付着する「ひっつき虫の量」は動物種や季節によって変化していた
10月と12月の付着調査の結果、植物7種、合計9033個の種子がはく製模型の体表に付着しました。
そして分析すると、「どの動物にどれだけひっつき虫が付着するのか」という疑問の答えは、植物種・動物種・季節の要素が複雑に絡み合ったものだと分かりました。
例えばチヂミザサ(ササに似た植物。赤いノギの先の粘液で付着する)に注目した場合、10月にハクビシンに付着する割合は、キツネやアライグマと同様に大きいものの、12月になると極端に小さくなりました。
これは、植物が枯死することで茎が倒れ、種子の位置(高さ)が変化したことが原因だと考えられます。
基本的に種子の付着量には動物の「体毛の長さ」と「重複幅(種子が存在する位置と動物の体が重なる幅)」が影響します。
例えばイノコヅチ(長楕円形の葉を持つ植物。棘状の小苞で付着する)では、10月には動物の背丈の位置に種子が実っているので、多くの動物と接する機会が増え、結果手に種子の付着量は全ての動物で多くなっていました。
しかし12月になるとイノコヅチが枯死して、種子の位置は地面近くまで下がってしまいます。
すると付着できる動物が制限され、結果として体毛が長い動物にだけ多く付着するようになっていました。
このように種子が付着しにくい季節でも、ひっつき虫は体毛の長い動物種になら低い位置からでも集めるてもらうことができるようです。
具体的には在来種のキツネやタヌキが冬にひっつきやすい候補となりました。
しかし、調査によると在来種よりも外来種であるアライグマやハクビシンの方が種子を多く散布していたのです。
これらの結果は、多様な構造を持つそれぞれの「ひっつき虫」が、自身の特性や季節の変化に応じて、種子を散布してくれる動物種を変化させていることを意味します。
そして基本的には環境を乱す存在と考えられる外来種が、種子散布者にとっては重要な役割を果たすこともわかりました。

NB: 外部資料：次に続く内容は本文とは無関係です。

(* Let $d\colon A\to B$ be a homomorphism of finite abelian groups. Then the set of maximal elements of $\operatorname{Dec}_\mathcal{I}(d)$ equals one orbit of $\operatorname{Dec}_\mathcal{I}(d)$ under the action of $U^*(d)$.
   Context: A restriction of $d$ is a homomorphism $d'\colon A'\to B'$ with $A'\subset A$, $B'\subset B$ subgroups and $d'(a)=d(a)$ for $a\in A'$ (so $d(A')\subset B'$). $\operatorname{Dec}(d)$ is the set of pairs $(d_0,d_1)$ of restrictions $d_i\colon A_i\to B_i$ of $d$ with $A_0\oplus A_1=A$ and $B_0\oplus B_1=B$ (internal direct sums), partially ordered by $(d_0,d_1)\leq(d_0',d_1')$ iff there is a restriction $c\colon C\to D$ of $d$ with $A_0=A_0'\oplus C$, $B_0=B_0'\oplus D$, $A_1\oplus C=A_1'$, $B_1\oplus D=B_1'$. $\operatorname{Dec}_\mathcal{I}(d)$ is the subset of $(d_0,d_1)\in\operatorname{Dec}(d)$ with $d_1$ an isomorphism, with the induced order. $Q(d)=\mathbb{Z}\oplus\operatorname{Hom}(B,A)$ is the ring with multiplication $(m,f)\star(n,g)=(mn,mg+nf+f\circ d\circ g)$; $U(d)=1+\operatorname{Hom}(B,A)$ and $U^*(d)=U(d)\cap Q(d)^*$, a group. $U^*(d)$ acts on $d$ via the homomorphism $1+f\mapsto(\mathrm{id}_A+f\circ d,\ \mathrm{id}_B+d\circ f)$ into the group of pairs $(\alpha,\beta)\in\operatorname{Aut}(A)\times\operatorname{Aut}(B)$ with $\beta d=d\alpha$, and such a pair acts on $\operatorname{Dec}(d)$ by sending $(d_i\colon A_i\to B_i)_{i=0,1}$ to the restrictions $\alpha(A_i)\to\beta(B_i)$. *)

theory Defs
  imports Main
begin

text \<open>Finite abelian groups A, B are modelled as finite types of class ab_group_add.
 A restriction of d is determined by the pair of subgroups (A', B') with d(A') in B'.\<close>

definition is_hom :: "('x::ab_group_add \<Rightarrow> 'y::ab_group_add) \<Rightarrow> bool" where
  "is_hom h \<longleftrightarrow> (\<forall>x y. h (x + y) = h x + h y)"

definition subgrp :: "'x::ab_group_add set \<Rightarrow> bool" where
  "subgrp S \<longleftrightarrow> 0 \<in> S \<and> (\<forall>x\<in>S. \<forall>y\<in>S. x + y \<in> S) \<and> (\<forall>x\<in>S. - x \<in> S)"

definition is_restriction ::
  "('a::ab_group_add \<Rightarrow> 'b::ab_group_add) \<Rightarrow> 'a set \<times> 'b set \<Rightarrow> bool" where
  "is_restriction d r \<longleftrightarrow> subgrp (fst r) \<and> subgrp (snd r) \<and> d ` fst r \<subseteq> snd r"

definition int_dsum :: "'x::ab_group_add set \<Rightarrow> 'x set \<Rightarrow> 'x set \<Rightarrow> bool" where
  "int_dsum X Y Z \<longleftrightarrow> X \<inter> Y = {0} \<and> {x + y | x y. x \<in> X \<and> y \<in> Y} = Z"

definition Dec ::
  "('a::ab_group_add \<Rightarrow> 'b::ab_group_add) \<Rightarrow> (('a set \<times> 'b set) \<times> ('a set \<times> 'b set)) set" where
  "Dec d = {((A0, B0), (A1, B1)). is_restriction d (A0, B0) \<and> is_restriction d (A1, B1)
            \<and> int_dsum A0 A1 UNIV \<and> int_dsum B0 B1 UNIV}"

definition dec_le ::
  "('a::ab_group_add \<Rightarrow> 'b::ab_group_add) \<Rightarrow> ('a set \<times> 'b set) \<times> ('a set \<times> 'b set)
     \<Rightarrow> ('a set \<times> 'b set) \<times> ('a set \<times> 'b set) \<Rightarrow> bool" where
  "dec_le d x y \<longleftrightarrow>
     (case x of ((A0, B0), (A1, B1)) \<Rightarrow> case y of ((A0', B0'), (A1', B1')) \<Rightarrow>
       (\<exists>C D. is_restriction d (C, D) \<and> int_dsum A0' C A0 \<and> int_dsum B0' D B0
              \<and> int_dsum A1 C A1' \<and> int_dsum B1 D B1'))"

definition Dec_I ::
  "('a::ab_group_add \<Rightarrow> 'b::ab_group_add) \<Rightarrow> (('a set \<times> 'b set) \<times> ('a set \<times> 'b set)) set" where
  "Dec_I d = {x \<in> Dec d. bij_betw d (fst (snd x)) (snd (snd x))}"

definition Dec_I_max ::
  "('a::ab_group_add \<Rightarrow> 'b::ab_group_add) \<Rightarrow> (('a set \<times> 'b set) \<times> ('a set \<times> 'b set)) set" where
  "Dec_I_max d = {x \<in> Dec_I d. \<forall>y \<in> Dec_I d. dec_le d x y \<longrightarrow> y = x}"

definition zsmul :: "int \<Rightarrow> 'x::ab_group_add \<Rightarrow> 'x" where
  "zsmul k x = (if 0 \<le> k then (((+) x) ^^ nat k) 0 else - ((((+) x) ^^ nat (- k)) 0))"

text \<open>The ring Q(d) = Z (+) Hom(B,A).\<close>
definition Q_carrier :: "(int \<times> ('b::ab_group_add \<Rightarrow> 'a::ab_group_add)) set" where
  "Q_carrier = {q. is_hom (snd q)}"

definition qmult ::
  "('a::ab_group_add \<Rightarrow> 'b::ab_group_add) \<Rightarrow> int \<times> ('b \<Rightarrow> 'a) \<Rightarrow> int \<times> ('b \<Rightarrow> 'a) \<Rightarrow> int \<times> ('b \<Rightarrow> 'a)" where
  "qmult d p q = (case p of (m, f) \<Rightarrow> case q of (n, g) \<Rightarrow>
      (m * n, \<lambda>b. zsmul m (g b) + zsmul n (f b) + f (d (g b))))"

definition qone :: "int \<times> ('b \<Rightarrow> 'a::ab_group_add)" where
  "qone = (1, \<lambda>_. 0)"

definition Ustar ::
  "('a::ab_group_add \<Rightarrow> 'b::ab_group_add) \<Rightarrow> (int \<times> ('b \<Rightarrow> 'a)) set" where
  "Ustar d = {q \<in> Q_carrier. fst q = 1 \<and>
                 (\<exists>r \<in> Q_carrier. qmult d q r = qone \<and> qmult d r q = qone)}"

definition act ::
  "('a::ab_group_add \<Rightarrow> 'b::ab_group_add) \<Rightarrow> int \<times> ('b \<Rightarrow> 'a)
     \<Rightarrow> ('a set \<times> 'b set) \<times> ('a set \<times> 'b set) \<Rightarrow> ('a set \<times> 'b set) \<times> ('a set \<times> 'b set)" where
  "act d q x = (let f = snd q; \<alpha> = (\<lambda>a. a + f (d a)); \<beta> = (\<lambda>b. b + d (f b)) in
     case x of ((A0, B0), (A1, B1)) \<Rightarrow> ((\<alpha> ` A0, \<beta> ` B0), (\<alpha> ` A1, \<beta> ` B1)))"

end

theory Submission
  imports Defs HOL.Modules
begin

(*
  The action of U*(d) preserves Dec_I(d) and the order of the isomorphism part A1, and an
  element whose A1 has maximal order is maximal, since going up in the order enlarges A1.  So
  the orbit of such an element consists of maximal elements, and it remains to show that any
  two maximal elements (A0, B0, A1, B1) and (A0', B0', A1', B1') are conjugate.

  First, A0 \<inter> A1' = 0.  Write \<pi>(X) for the projection onto X along its complementary summand.
  The endomorphism \<phi> = \<pi>(A0) \<pi>(A1') of A is intertwined by d with the analogous \<psi> on B and
  kills ker d, so for a power p = \<phi>^N that is idempotent (A is finite), d maps im p
  isomorphically onto im \<psi>^N.  Splitting A0 = ker p \<oplus> im p and moving im p into
  the isomorphism part gives a larger element, so p = 0 by maximality; but p is the identity
  on A0 \<inter> A1'.  Symmetrically A1 \<inter> A0' = 0, so \<alpha> = \<pi>(A0') \<pi>(A0) + \<pi>(A1') \<pi>(A1) is an
  automorphism of A carrying A0, A1 onto A0', A1'.  If s, s' invert d on the isomorphism
  parts, then f = - (s' \<pi>(B0) + \<pi>(A0') s) satisfies \<alpha> = id + f d, the map id + d f is the
  analogous automorphism of B, and the bijectivity of id + f d makes 1 + f a unit of Q(d).
*)

section \<open>Additive subgroups and homomorphisms\<close>

lemma is_hom_additive: "is_hom h \<Longrightarrow> additive h"
  by (simp add: is_hom_def additive_def)

lemma hom_add: "is_hom h \<Longrightarrow> h (x + y) = h x + h y"
  by (simp add: is_hom_def)

lemma hom_zero: "is_hom h \<Longrightarrow> h 0 = 0"
  by (rule additive.zero[OF is_hom_additive])

lemma hom_uminus: "is_hom h \<Longrightarrow> h (- x) = - h x"
  by (rule additive.minus[OF is_hom_additive])

lemma hom_diff: "is_hom h \<Longrightarrow> h (x - y) = h x - h y"
  by (rule additive.diff[OF is_hom_additive])

lemma hom_comp: "is_hom h \<Longrightarrow> is_hom g \<Longrightarrow> is_hom (h \<circ> g)"
  by (simp add: is_hom_def)

lemma hom_funpow:
  fixes h :: "'x::ab_group_add \<Rightarrow> 'x"
  shows "is_hom h \<Longrightarrow> is_hom (h ^^ n)"
  by (induction n) (simp_all add: is_hom_def)

lemma hom_inv:
  assumes "is_hom h" "bij h"
  shows "is_hom (inv h)"
  unfolding is_hom_def
proof (intro allI)
  fix x y
  have "h (inv h x + inv h y) = x + y"
    using assms by (simp add: hom_add bij_is_surj surj_f_inv_f)
  then show "inv h (x + y) = inv h x + inv h y"
    using assms(2) by (metis bij_is_inj inv_f_f)
qed

lemma funpow_commute:
  assumes "\<And>v. d (\<phi> v) = \<psi> (d v)"
  shows "d ((\<phi> ^^ n) v) = (\<psi> ^^ n) (d v)"
  by (induction n) (simp_all add: assms)

lemma subgrp_0: "subgrp S \<Longrightarrow> 0 \<in> S"
  by (simp add: subgrp_def)

lemma subgrp_add: "subgrp S \<Longrightarrow> x \<in> S \<Longrightarrow> y \<in> S \<Longrightarrow> x + y \<in> S"
  by (simp add: subgrp_def)

lemma subgrp_uminus: "subgrp S \<Longrightarrow> x \<in> S \<Longrightarrow> - x \<in> S"
  by (simp add: subgrp_def)

lemma subgrp_diff: "subgrp S \<Longrightarrow> x \<in> S \<Longrightarrow> y \<in> S \<Longrightarrow> x - y \<in> S"
  by (metis diff_conv_add_uminus subgrp_add subgrp_uminus)

lemma subgrp_UNIV: "subgrp UNIV"
  by (simp add: subgrp_def)

lemma subgrp_zero: "subgrp {0}"
  by (simp add: subgrp_def)

lemma subgrp_image:
  assumes "is_hom h" "subgrp S"
  shows "subgrp (h ` S)"
  unfolding subgrp_def
proof (intro conjI ballI)
  show "0 \<in> h ` S"
    using assms by (metis hom_zero imageI subgrp_0)
  show "x + y \<in> h ` S" if "x \<in> h ` S" "y \<in> h ` S" for x y
    using that assms by (auto simp flip: hom_add[OF assms(1)] intro: subgrp_add)
  show "- x \<in> h ` S" if "x \<in> h ` S" for x
    using that assms by (auto simp flip: hom_uminus[OF assms(1)] intro: subgrp_uminus)
qed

これは今後も検証すべき問題となるでしょう。
ひっつき虫の生存戦略は、私たちが考えていた以上に複雑だったようです。
今後、動物ごとに「付着した種子がどこに落ちるのか」研究することで、種子の散布過程をより深く理解できるでしょう。
私たちは子供のころ、体中にひっつき虫が付着するのを見て、無邪気に笑っていたかもしれません。
しかし実のところ、植物たちの複雑で狡猾な生存戦略に「幼少期のヒト」として、知らず知らずのうちに組み込まれていたようです。